**Exercise:** The task calls for each line of the records below in which the word "close" appears.

*** Task inputs Section Begins ***

(* Let $(S,\omega)$ be a real symplectic vector space of dimension $2$ with positive polarization $E$, and let $(g,z)\in\mathrm{Mp}_*(S,E)$ (so $\operatorname{tr}(g)\neq2$). Let $k\in\mathbb Z$ be such that $\arg(z)\in[k\tfrac\pi2,(k+1)\tfrac\pi2)$ and let $\epsilon=0$ if $\operatorname{tr}(g)>2$ and $\epsilon=1$ otherwise. Then $$m(g,z)=k+\tfrac12\big(1-(-1)^{k+\epsilon}\big)\mod 4.$$
   Context: A positive polarization of $S$ is a Lagrangian subspace $E\subset S\otimes\mathbb C$ with $\frac1i\omega(x,\bar x)>0$ for all nonzero $x\in E$. For positive polarizations $E_a,E_b$, $\pi_{E_b,E_a}:E_b\to E_a$ is the restriction to $E_b$ of the projection onto $E_a$ with kernel $\overline{E_b}$; $\Psi_{E_a,E_b}:=\pi_{E_b,E_a}^*$ on top exterior powers of duals; $\zeta(E_a,E_b,E_c)$ is defined by $\Psi_{E_a,E_c}=\zeta(E_a,E_b,E_c)\Psi_{E_b,E_c}\circ\Psi_{E_a,E_b}$ and $\zeta^{1/2}$ is its continuous square root equal to $1$ when the three coincide. $\mathrm{Mp}(S,E)$ is the group of pairs $(g,z)\in\mathrm{Sp}(S)\times\mathbb C$ with $z^2=\det(g^{-1}\pi_{E,gE}:E\to E)$, product $(g',z')(g,z)=(g'g,\zeta^{1/2}(g'gE,g'E,E)z'z)$. Let $j$ be the complex structure on $S$ with $E=\ker(j-i\,\mathrm{id})$; $\mathrm{sym}(S,j)$ is the space of endomorphisms symmetric for the scalar product $\omega(X,jY)$; for $A\in\mathrm{sym}(S,j)$, ${\det}^{1/2}(\tfrac12\mathrm{id}+iA)$ is the square root depending continuously on $A$ and positive at $A=0$. $\mathrm{Sp}_*(S)=\{g\in\mathrm{Sp}(S):\mathrm{id}-g\text{ invertible}\}$, $A(g):=\tfrac12(\mathrm{id}+g)(\mathrm{id}-g)^{-1}j$, $\mathrm{Mp}_*(S,E)=\{(g,z)\in\mathrm{Mp}(S,E):g\in\mathrm{Sp}_*(S)\}$. The index $m(g,z)\in\mathbb Z/4\mathbb Z$ is defined by $z\,{\det}^{1/2}(\tfrac12\mathrm{id}+iA(g))=i^{m(g,z)}/|\det(\mathrm{id}-g)|^{1/2}$. The argument $\arg(z)$ is taken in $\mathbb R/2\pi\mathbb Z$ (so $k$ is determined mod 4). *)

theory Defs
  imports "HOL-Analysis.Analysis"
begin

text \<open>The real symplectic vector space of dimension 2 is modelled as real^2 with an
  arbitrary symplectic (bilinear, antisymmetric, nondegenerate) form.\<close>

definition symplectic_form :: "(real^2 \<Rightarrow> real^2 \<Rightarrow> real) \<Rightarrow> bool" where
  "symplectic_form \<omega> \<longleftrightarrow>
     (\<forall>y. linear (\<lambda>x. \<omega> x y)) \<and> (\<forall>x. linear (\<lambda>y. \<omega> x y)) \<and>
     (\<forall>x y. \<omega> x y = - \<omega> y x) \<and>
     (\<forall>x. (\<forall>y. \<omega> x y = 0) \<longrightarrow> x = 0)"

definition cvec :: "real^2 \<Rightarrow> complex^2" where
  "cvec x = (\<chi> i. complex_of_real (x $ i))"

definition cre :: "complex^2 \<Rightarrow> real^2" where "cre u = (\<chi> i. Re (u $ i))"
definition cim :: "complex^2 \<Rightarrow> real^2" where "cim u = (\<chi> i. Im (u $ i))"

definition cconj :: "complex^2 \<Rightarrow> complex^2" where
  "cconj u = (\<chi> i. cnj (u $ i))"

definition cmat :: "real^2^2 \<Rightarrow> complex^2^2" where
  "cmat g = (\<chi> i j. complex_of_real (g $ i $ j))"

text \<open>Complex-bilinear extension of \<omega> to S \<otimes> C.\<close>
definition omegac :: "(real^2 \<Rightarrow> real^2 \<Rightarrow> real) \<Rightarrow> complex^2 \<Rightarrow> complex^2 \<Rightarrow> complex" where
  "omegac \<omega> u v =
     Complex (\<omega> (cre u) (cre v) - \<omega> (cim u) (cim v)) (\<omega> (cre u) (cim v) + \<omega> (cim u) (cre v))"

definition csubspace :: "(complex^2) set \<Rightarrow> bool" where
  "csubspace E \<longleftrightarrow> 0 \<in> E \<and> (\<forall>x\<in>E. \<forall>y\<in>E. x + y \<in> E) \<and> (\<forall>c::complex. \<forall>x\<in>E. c *s x \<in> E)"

definition lagrangian :: "(real^2 \<Rightarrow> real^2 \<Rightarrow> real) \<Rightarrow> (complex^2) set \<Rightarrow> bool" where
  "lagrangian \<omega> E \<longleftrightarrow> csubspace E \<and> E = {x. \<forall>y\<in>E. omegac \<omega> x y = 0}"

definition positive_polarization :: "(real^2 \<Rightarrow> real^2 \<Rightarrow> real) \<Rightarrow> (complex^2) set \<Rightarrow> bool" where
  "positive_polarization \<omega> E \<longleftrightarrow> lagrangian \<omega> E \<and>
     (\<forall>x\<in>E. x \<noteq> 0 \<longrightarrow>
        Im (omegac \<omega> x (cconj x) / \<i>) = 0 \<and> Re (omegac \<omega> x (cconj x) / \<i>) > 0)"

definition symplectic :: "(real^2 \<Rightarrow> real^2 \<Rightarrow> real) \<Rightarrow> real^2^2 \<Rightarrow> bool" where
  "symplectic \<omega> g \<longleftrightarrow> invertible g \<and> (\<forall>x y. \<omega> (g *v x) (g *v y) = \<omega> x y)"

text \<open>pi_{Eb,Ea}: restriction to Eb of the projection onto Ea with kernel conj(Eb).\<close>
definition proj_pol :: "(complex^2) set \<Rightarrow> (complex^2) set \<Rightarrow> complex^2 \<Rightarrow> complex^2" where
  "proj_pol Eb Ea u = (THE w. w \<in> Ea \<and> u - w \<in> cconj ` Eb)"

text \<open>Determinant of a complex-linear endomorphism T of a complex line E
  (a Lagrangian of a 2-dimensional symplectic space is a complex line):
  the scalar by which T acts on E.\<close>
definition det_line :: "(complex^2) set \<Rightarrow> (complex^2 \<Rightarrow> complex^2) \<Rightarrow> complex" where
  "det_line E T = (THE c. \<forall>v\<in>E. T v = c *s v)"

definition in_Mp :: "(real^2 \<Rightarrow> real^2 \<Rightarrow> real) \<Rightarrow> (complex^2) set \<Rightarrow> real^2^2 \<Rightarrow> complex \<Rightarrow> bool" where
  "in_Mp \<omega> E g z \<longleftrightarrow> symplectic \<omega> g \<and>
     z ^ 2 = det_line E (\<lambda>u. cmat (matrix_inv g) *v proj_pol E ((\<lambda>v. cmat g *v v) ` E) u)"

definition in_Mp_star :: "(real^2 \<Rightarrow> real^2 \<Rightarrow> real) \<Rightarrow> (complex^2) set \<Rightarrow> real^2^2 \<Rightarrow> complex \<Rightarrow> bool" where
  "in_Mp_star \<omega> E g z \<longleftrightarrow> in_Mp \<omega> E g z \<and> invertible (mat 1 - g)"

*** Task inputs Section Ends ***

**Answer box:**
  arbitrary symplectic (bilinear, antisymmetric, nondegenerate) form.\<close>
text \<open>Complex-bilinear extension of \<omega> to S \<otimes> C.\<close>
text \<open>pi_{Eb,Ea}: restriction to Eb of the projection onto Ea with kernel conj(Eb).\<close>
  the scalar by which T acts on E.\<close>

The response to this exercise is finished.